Interspecies communication of art—an open question

At first, questions like these may seem a bit bizarre because we take for granted that intraspecies communication among humans is possible but that other species are incapable of it.

Humans take intraspecies communication between their own members for granted because they believe that it works for them. Since they all belong to the same species, the fact that all humans are fundamentally the same encourages them to believe that what they can do others can do.

Most humans believe from personal experience that they can communicate with other humans; from practice they learn to believe that language works and that many other forms of communication exist and are efficacious. But to most humans it seems odd to think that other species may be able to communicate among themselves or with humans because they see no clear, unambiguous examples of other species doing so, and because the fact that humans can talk to other humans does not demonstrate that other life forms can talk among themselves or to other species.

Ironically, when communication is defined in a narrow, biological sense, as an activity by one organism that changes or has the potential to change the behavior of other organisms, there is little doubt that non-human species can communicate with each other. But humans conceive of art objects and information about the arts as holistic; that is, art works and ideas have an existence that is something other than the mere sum of their parts; they are conceptual; they are more than the physical objects, brush stokes, sculpted forms, or sounds that make them up.

But when communication is defined holistically, the way most humans define it, it's difficult to prove that humans are correct in assuming that they can communicate with each other and that other species cannot.

The fact that humans can communicate with each other holistically has been called into question by the work of the great Austrian philosopher, Ludwig Wittgenstein, which casts doubt on whether it's possible to expect excessive precision from any human expressions.

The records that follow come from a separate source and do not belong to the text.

(* For any abstract unsigned GKM$_3$ graph $\Gamma$, the poset $S_2(\Gamma)$ of faces of $\Gamma$ of valence at most $2$, ordered by inclusion, is the cell poset of a regular CW complex.
   Context: Graphs are finite, connected, $n$-valent, without loops, with oriented edges $e$ (initial vertex $i(e)$, terminal $t(e)$, reverse $\overline e$). An abstract unsigned GKM graph with $T$-labeling consists of such a graph, a connection $\nabla$ (bijections $\nabla_e$ from edges at $i(e)$ to edges at $t(e)$ with $\nabla_e e=\overline e$, $\nabla_{\overline e}=\nabla_e^{-1}$) and $\alpha\colon E\to H^2(BT;\mathbb Z)/\{\pm1\}$ with $\alpha(\overline e)=\alpha(e)$, $\alpha(\nabla_e e')\equiv\pm\alpha(e')\bmod \alpha(e)$ for edges $e,e'$ with common origin, and values spanning $H^2(BT;\mathbb Z)$. It is GKM$_3$ if at every vertex any at most $3$ pairwise distinct values $\alpha(e)$, $i(e)=v$, are linearly independent. A face of valence $i$ is a connected $i$-valent subgraph invariant under the connection along its edges (for an edge $e$ of the face, $\nabla_e$ maps edges of the face at $i(e)$ to edges of the face at $t(e)$); $0$-faces are vertices, $1$-faces are edges. *)

theory Defs
  imports "HOL-Analysis.Analysis"
begin

text \<open>H^2(BT;Z) is modelled as the lattice 'k => int for a finite index type 'k
  (T a torus of rank CARD('k)); alpha picks a representative of the class in
  H^2(BT;Z)/{+-1}, all conditions being stated up to sign.\<close>

definition out_edges :: "'e set \<Rightarrow> ('e \<Rightarrow> 'v) \<Rightarrow> 'v \<Rightarrow> 'e set" where
  "out_edges E src v = {e \<in> E. src e = v}"

definition edge_rel :: "'e set \<Rightarrow> ('e \<Rightarrow> 'v) \<Rightarrow> ('e \<Rightarrow> 'v) \<Rightarrow> ('v \<times> 'v) set" where
  "edge_rel F src tgt = {(src e, tgt e) | e. e \<in> F}"

definition connected_on :: "'v set \<Rightarrow> 'e set \<Rightarrow> ('e \<Rightarrow> 'v) \<Rightarrow> ('e \<Rightarrow> 'v) \<Rightarrow> bool" where
  "connected_on W F src tgt \<longleftrightarrow> W \<noteq> {} \<and>
     (\<forall>x\<in>W. \<forall>y\<in>W. (x, y) \<in> (edge_rel F src tgt)\<^sup>*)"

definition eq_pm :: "('k \<Rightarrow> int) \<Rightarrow> ('k \<Rightarrow> int) \<Rightarrow> bool" where
  "eq_pm a b \<longleftrightarrow> a = b \<or> a = - b"
lemma layer_config_reachable:
  assumes "0 < k" "d \<le> l"
  shows "(fire k)\<^sup>*\<^sup>* (initial_config k l) (layer_config k l d)"
  using assms(2)
proof (induction d)
  case 0
  have "layer_config k l 0 = initial_config k l"
    by (auto simp: fun_eq_iff layer_config_def initial_config_def residue_class_def digit_lists_def)
  then show ?case by simp
next
  case (Suc d)
  then show ?case
    using layer_config_Suc_reachable[OF assms(1), of d l]
    by (meson Suc_leD Suc_le_lessD rtranclp_trans)
qed

lemma layer_config_leaf:
  assumes "w \<in> digit_lists k l"
  shows "layer_config k l l w = {1 + digit_val k w}"
  using residue_class_eq_image[OF assms order_refl] assms
  by (simp add: layer_config_def lessThan_Suc)

lemma stable_layer_config:
  assumes "2 \<le> k"
  shows "stable k (layer_config k l l)"
  unfolding stable_def
proof
  fix w
  show "card (layer_config k l l w) < k"
    using assms layer_config_leaf[of w k l]
    by (cases "w \<in> digit_lists k l") (simp_all add: layer_config_def)
qed

lemma perm_of_layer_config:
  assumes "0 < k"
  shows "perm_of k l (layer_config k l l) = Z k l"
  unfolding perm_of_def Z_def
  using layer_config_leaf[OF vertex_at_in_digit_lists[OF assms]] by (simp add: digit_val_vertex_at)

lemma Z_stable_reachable:
  assumes "2 \<le> k"
  shows "\<exists>c. stable_reachable k l c \<and> perm_of k l c = Z k l"
proof -
  have "0 < k" using assms by simp
  then show ?thesis
    using layer_config_reachable[of k l l] stable_layer_config[OF assms] perm_of_layer_config
    unfolding stable_reachable_def by blast
qed

section \<open>Chip histories\<close>

definition subtree_chips :: "config \<Rightarrow> nat list \<Rightarrow> nat set" where
  "subtree_chips c v = (\<Union>w \<in> {w. prefix v w}. c w)"

lemma subset_subtree_chips: "prefix v w \<Longrightarrow> c w \<subseteq> subtree_chips c v"
  unfolding subtree_chips_def by (rule UN_upper) simp

lemma subtree_chips_subset_Nil: "subtree_chips c v \<subseteq> subtree_chips c []"
  by (auto simp: subtree_chips_def)

lemma subtree_chips_initial_config:
  "subtree_chips (initial_config k l) v = (if v = [] then {1..k ^ l} else {})"
  by (auto simp: subtree_chips_def initial_config_def)
(* Let $K$ be a number field. Given a finite set of closed points $\{\theta_i\}_{i\in I}$ of $\mathbb{A}^1_K$ with residue fields $K(\theta_i)$, and given for each $i\in I$ a Châtelet surface $\mathcal{S}_i$ defined over $K(\theta_i)$, there exists a Châtelet surface bundle over $\mathbb{A}^1$ defined over $K$ whose fiber at $\theta_i$ is isomorphic to $\mathcal{S}_i$ for every $i\in I$.
   Context: A Châtelet surface over a field $k$ (of characteristic $0$) is the smooth projective surface $\mathcal{S}$ associated with an affine surface $y^2-az^2=P(x)$ in $\mathbb{A}^3$, where $a\in k^*$ is a nonzero constant and $P(x)\in k[x]$ is a separable polynomial of degree $4$; the projective model is obtained by gluing the surface $Y^2-aZ^2=W^2P(x)$ in $(\mathbb{P}^1\setminus\{\infty\})\times\mathbb{P}^2$ with the surface $Y^2-aZ^2=W'^2P^*(x')$ in $(\mathbb{P}^1\setminus\{0\})\times\mathbb{P}^2$ via $x=1/x'$, $W=x'^2W'$, where $P^*(x')=x'^4P(1/x')$. A Châtelet surface bundle over $\mathbb{A}^1$ defined over $K$ is the family of such surfaces parameterised by $t$ given by $y^2-a_tz^2=P_t(x)$ (with the projective model in $\mathbb{A}^1\times\mathbb{P}^1\times\mathbb{P}^2$ obtained by replacing $a$ by $a_t$ and $P$ by $P_t$ in the gluing construction), where $a_t\in K[t]$ is nonzero and $P_t(x)\in K[t,x]$ has degree $4$ in $x$; its fiber at a closed point $\theta$ of $\mathbb{A}^1$ is the surface $y^2-a_\theta z^2=P_\theta(x)$ over the residue field $K(\theta)$. *)

theory Defs
  imports "HOL-Computational_Algebra.Computational_Algebra"
begin

text \<open>Fields are modelled as subfields of the complex numbers.\<close>

definition subfield :: "complex set \<Rightarrow> bool" where
  "subfield F \<longleftrightarrow> 0 \<in> F \<and> 1 \<in> F \<and>
     (\<forall>x\<in>F. \<forall>y\<in>F. x + y \<in> F \<and> x - y \<in> F \<and> x * y \<in> F) \<and>
     (\<forall>x\<in>F. inverse x \<in> F)"

definition number_field :: "complex set \<Rightarrow> bool" where
  "number_field K \<longleftrightarrow> subfield K \<and>
     (\<exists>B. finite B \<and> B \<subseteq> K \<and>
        (\<forall>x\<in>K. \<exists>c :: complex \<Rightarrow> rat. x = (\<Sum>b\<in>B. of_rat (c b) * b)))"

definition adjoin :: "complex set \<Rightarrow> complex \<Rightarrow> complex set" where
  "adjoin K \<alpha> = \<Inter>{F. subfield F \<and> K \<subseteq> F \<and> \<alpha> \<in> F}"

definition poly_over :: "complex set \<Rightarrow> complex poly \<Rightarrow> bool" where
  "poly_over L p \<longleftrightarrow> (\<forall>i. coeff p i \<in> L)"

text \<open>Monic irreducible polynomials over K = closed points of the affine line over K.\<close>
definition closed_point :: "complex set \<Rightarrow> complex poly \<Rightarrow> bool" where
  "closed_point K f \<longleftrightarrow> poly_over K f \<and> lead_coeff f = 1 \<and> degree f \<ge> 1 \<and>
     (\<forall>g h. poly_over K g \<and> poly_over K h \<and> f = g * h \<longrightarrow> degree g = 0 \<or> degree h = 0)"

text \<open>Defining data (a, P) of a Chatelet surface y^2 - a z^2 = P(x) over the field L.\<close>
definition chatelet_data :: "complex set \<Rightarrow> complex \<Rightarrow> complex poly \<Rightarrow> bool" where
  "chatelet_data L a P \<longleftrightarrow> a \<in> L \<and> a \<noteq> 0 \<and> poly_over L P \<and> degree P = 4 \<and> rsquarefree P"

text \<open>Defining data (a_t, P_t) of a Chatelet surface bundle over the affine line over K:
  a_t in K[t] nonzero, P_t in K[t][x] of degree 4 in x.\<close>
definition chatelet_bundle_data :: "complex set \<Rightarrow> complex poly \<Rightarrow> complex poly poly \<Rightarrow> bool" where
  "chatelet_bundle_data K a_t P_t \<longleftrightarrow> poly_over K a_t \<and> a_t \<noteq> 0 \<and>
     (\<forall>i. poly_over K (coeff P_t i)) \<and> degree P_t = 4"

text \<open>Fiber at the closed point with chosen root alpha (residue field K(alpha)).\<close>
definition fiber_a :: "complex poly \<Rightarrow> complex \<Rightarrow> complex" where
  "fiber_a a_t \<alpha> = poly a_t \<alpha>"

Art is one of these kinds of intraspecies holistic human expressions that Wittgenstein calls into question, not a cellular one resembling the biological notion.

According to Wittgenstein's line of thinking, humans are no more justified in believing that they are capable of of intraspecies communication with other humans than they are justified in thinking that other species are not capable of inter- or intraspecies communication. And if humans cannot communicate with each other holistically, they certainly cannot communicate art among themselves or with other species the way they believe they can.

If it can be proven that humans are capable of communicating art among themselves and Wittgenstein is wrong, perhaps it can be shown that certain other species are capable of communicating art among themselves. If human or nonhuman species can be shown to communicate art among themselves, perhaps it can be shown they can communicate art with other species.